Your instructions: Return the full listing, so that each line matches the original exactly.

============

lemma rc_le_card_div_min_degree:
  assumes "2 \<le> min_degree V E"
  shows "real (rc V E) \<le> 3 * real (card V) / (real (min_degree V E) + 1) + 2"
proof -
  obtain D T where economical: "economical D T"
    and outside: "\<And>y. y \<in> V - closed_nbhd E D \<Longrightarrow> 2 \<le> card (nbhd E y \<inter> (closed_nbhd E D - D))"
    and boundary: "\<And>x. x \<in> closed_nbhd E D - D \<Longrightarrow>
      2 \<le> card (nbhd E x \<inter> D) \<or> nbhd E x \<inter> (closed_nbhd E D - D) \<noteq> {}"
    by (fact ex_economical_well_attached[OF assms])
  have tree: "tree_on V E D T"
    using economical unfolding economical_def by simp
  interpret attached_core V E D T
    using tree outside boundary by unfold_locales
  have "(min_degree V E + 1) * (card D + 2) \<le> 3 * card V"
    using economical card_closed_nbhd_le[OF tree] unfolding economical_def by linarith
  then have "real ((min_degree V E + 1) * (card D + 2)) \<le> real (3 * card V)"
    by (simp only: of_nat_le_iff)
  then have "(real (min_degree V E) + 1) * (real (card D) + 2) \<le> 3 * real (card V)"
    by (simp add: algebra_simps)
  then have "real (card D) + 2 \<le> 3 * real (card V) / (real (min_degree V E) + 1)"
    by (simp add: field_simps)
  moreover have "rc V E \<le> card D + 4"
    by (fact rc_le_card_core_add_4)
  ultimately show ?thesis
    by linarith
qed

end

theorem theorem3p3:
  fixes V :: "'a set" and E :: "'a set set"
  assumes "simple_graph V E"
    and "graph_connected V E"
    and "real (min_degree V E) \<ge> 1 + sqrt (3 * real (card V) + 4)"
  shows "real (prc V E) - real (rc V E)
           \<ge> real (min_degree V E) - (3 * real (card V) / (real (min_degree V E) + 1) + 3)"
proof -
  interpret connected_sgraph V E
    using assms(1,2) by unfold_locales
  have "sqrt 4 \<le> sqrt (3 * real (card V) + 4)"
    by (intro real_sqrt_le_mono) simp
  then have "2 \<le> min_degree V E"
    using assms(3) by simp
  then show ?thesis
    using rc_le_card_div_min_degree min_degree_le_prc by fastforce
qed

end
lemma mod_eq_of_free_iso:
  assumes k: "0 < k" and iso: "free_iso k m n"
  shows "m mod k = n mod k"
proof -
  obtain X Y :: "nat \<Rightarrow> nat \<Rightarrow> imat" where
    X: "\<forall>i<m. \<forall>j<n. inRk k (X i j)" and Y: "\<forall>i<n. \<forall>j<m. inRk k (Y i j)" and
    XY: "\<forall>i<m. \<forall>j<m. (\<lambda>a b. \<Sum>l<n. mmul (X i l) (Y l j) a b) = (if i = j then mone else mzero)" and
    YX: "\<forall>i<n. \<forall>j<n. (\<lambda>a b. \<Sum>l<m. mmul (Y i l) (X l j) a b) = (if i = j then mone else mzero)"
    using iso unfolding free_iso_def by blast
  have "eventually (\<lambda>N. \<forall>(i, l)\<in>{..<m} \<times> {..<n}.
      scalar_across_cut k (X i l) N \<and> scalar_across_cut k (Y l i) N) sequentially"
    using X Y by (intro eventually_ball_finite ballI)
      (auto intro!: eventually_conj eventually_scalar_across_cut[OF k])
  then obtain N where N: "\<forall>(i, l)\<in>{..<m} \<times> {..<n}.
      scalar_across_cut k (X i l) N \<and> scalar_across_cut k (Y l i) N"
    unfolding eventually_sequentially by blast
  define M where "M = 2 + k * N"
  have "(\<Sum>i<m. \<Sum>l<n. partial_trace M (mmul (X i l) (Y l i))) = int m * int (M - 1)"
    using XY by (simp add: sum_partial_trace_eq_mone)
  moreover have "(\<Sum>i<m. \<Sum>l<n. partial_trace M (mmul (Y l i) (X i l))) =
      (\<Sum>l<n. \<Sum>i<m. partial_trace M (mmul (Y l i) (X i l)))"
    by (rule sum.swap)
  moreover have "\<dots> = int n * int (M - 1)"
    using YX by (simp add: sum_partial_trace_eq_mone)
  moreover have "int k dvd
      (\<Sum>i<m. \<Sum>l<n. partial_trace M (mmul (X i l) (Y l i)) - partial_trace M (mmul (Y l i) (X i l)))"
    using X Y N k unfolding M_def inRk_def
    by (intro dvd_sum partial_trace_commutator_dvd) auto
  ultimately have "int k dvd (int m - int n) * (1 + int k * int N)"
    unfolding M_def by (simp add: sum_subtractf left_diff_distrib)
  moreover have "(int m - int n) * (1 + int k * int N) = (int m - int n) + (int N * (int m - int n)) * int k"
    by (simp add: algebra_simps)
  ultimately have "int k dvd int m - int n"
    by (metis dvd_add_times_triv_right_iff)
  then show ?thesis
    by (metis mod_eq_dvd_iff of_nat_eq_iff of_nat_mod)
qed

theorem theorem3:
  fixes k m n :: nat
  assumes "0 < k" and "0 < m" and "0 < n"
  shows "free_iso k m n \<longleftrightarrow> m mod k = n mod k"
  using mod_eq_of_free_iso[OF assms(1)] free_iso_of_mod_eq[OF assms] by blast

end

============

Completed exercise:
lemma rc_le_card_div_min_degree:
  assumes "2 \<le> min_degree V E"
  shows "real (rc V E) \<le> 3 * real (card V) / (real (min_degree V E) + 1) + 2"
proof -
  obtain D T where economical: "economical D T"
    and outside: "\<And>y. y \<in> V - closed_nbhd E D \<Longrightarrow> 2 \<le> card (nbhd E y \<inter> (closed_nbhd E D - D))"
    and boundary: "\<And>x. x \<in> closed_nbhd E D - D \<Longrightarrow>
      2 \<le> card (nbhd E x \<inter> D) \<or> nbhd E x \<inter> (closed_nbhd E D - D) \<noteq> {}"
    by (fact ex_economical_well_attached[OF assms])
  have tree: "tree_on V E D T"
    using economical unfolding economical_def by simp
  interpret attached_core V E D T
    using tree outside boundary by unfold_locales
  have "(min_degree V E + 1) * (card D + 2) \<le> 3 * card V"
    using economical card_closed_nbhd_le[OF tree] unfolding economical_def by linarith
  then have "real ((min_degree V E + 1) * (card D + 2)) \<le> real (3 * card V)"
    by (simp only: of_nat_le_iff)
  then have "(real (min_degree V E) + 1) * (real (card D) + 2) \<le> 3 * real (card V)"
    by (simp add: algebra_simps)
  then have "real (card D) + 2 \<le> 3 * real (card V) / (real (min_degree V E) + 1)"
    by (simp add: field_simps)
  moreover have "rc V E \<le> card D + 4"
    by (fact rc_le_card_core_add_4)
  ultimately show ?thesis
    by linarith
qed

end

theorem theorem3p3:
  fixes V :: "'a set" and E :: "'a set set"
  assumes "simple_graph V E"
    and "graph_connected V E"
    and "real (min_degree V E) \<ge> 1 + sqrt (3 * real (card V) + 4)"
  shows "real (prc V E) - real (rc V E)
           \<ge> real (min_degree V E) - (3 * real (card V) / (real (min_degree V E) + 1) + 3)"
proof -
  interpret connected_sgraph V E
    using assms(1,2) by unfold_locales
  have "sqrt 4 \<le> sqrt (3 * real (card V) + 4)"
    by (intro real_sqrt_le_mono) simp
  then have "2 \<le> min_degree V E"
    using assms(3) by simp
  then show ?thesis
    using rc_le_card_div_min_degree min_degree_le_prc by fastforce
qed

end
lemma mod_eq_of_free_iso:
  assumes k: "0 < k" and iso: "free_iso k m n"
  shows "m mod k = n mod k"
proof -
  obtain X Y :: "nat \<Rightarrow> nat \<Rightarrow> imat" where
    X: "\<forall>i<m. \<forall>j<n. inRk k (X i j)" and Y: "\<forall>i<n. \<forall>j<m. inRk k (Y i j)" and
    XY: "\<forall>i<m. \<forall>j<m. (\<lambda>a b. \<Sum>l<n. mmul (X i l) (Y l j) a b) = (if i = j then mone else mzero)" and
    YX: "\<forall>i<n. \<forall>j<n. (\<lambda>a b. \<Sum>l<m. mmul (Y i l) (X l j) a b) = (if i = j then mone else mzero)"
    using iso unfolding free_iso_def by blast
  have "eventually (\<lambda>N. \<forall>(i, l)\<in>{..<m} \<times> {..<n}.
      scalar_across_cut k (X i l) N \<and> scalar_across_cut k (Y l i) N) sequentially"
    using X Y by (intro eventually_ball_finite ballI)
      (auto intro!: eventually_conj eventually_scalar_across_cut[OF k])
  then obtain N where N: "\<forall>(i, l)\<in>{..<m} \<times> {..<n}.
      scalar_across_cut k (X i l) N \<and> scalar_across_cut k (Y l i) N"
    unfolding eventually_sequentially by blast
  define M where "M = 2 + k * N"
  have "(\<Sum>i<m. \<Sum>l<n. partial_trace M (mmul (X i l) (Y l i))) = int m * int (M - 1)"
    using XY by (simp add: sum_partial_trace_eq_mone)
  moreover have "(\<Sum>i<m. \<Sum>l<n. partial_trace M (mmul (Y l i) (X i l))) =
      (\<Sum>l<n. \<Sum>i<m. partial_trace M (mmul (Y l i) (X i l)))"
    by (rule sum.swap)
  moreover have "\<dots> = int n * int (M - 1)"
    using YX by (simp add: sum_partial_trace_eq_mone)
  moreover have "int k dvd
      (\<Sum>i<m. \<Sum>l<n. partial_trace M (mmul (X i l) (Y l i)) - partial_trace M (mmul (Y l i) (X i l)))"
    using X Y N k unfolding M_def inRk_def
    by (intro dvd_sum partial_trace_commutator_dvd) auto
  ultimately have "int k dvd (int m - int n) * (1 + int k * int N)"
    unfolding M_def by (simp add: sum_subtractf left_diff_distrib)
  moreover have "(int m - int n) * (1 + int k * int N) = (int m - int n) + (int N * (int m - int n)) * int k"
    by (simp add: algebra_simps)
  ultimately have "int k dvd int m - int n"
    by (metis dvd_add_times_triv_right_iff)
  then show ?thesis
    by (metis mod_eq_dvd_iff of_nat_eq_iff of_nat_mod)
qed

theorem theorem3:
  fixes k m n :: nat
  assumes "0 < k" and "0 < m" and "0 < n"
  shows "free_iso k m n \<longleftrightarrow> m mod k = n mod k"
  using mod_eq_of_free_iso[OF assms(1)] free_iso_of_mod_eq[OF assms] by blast

end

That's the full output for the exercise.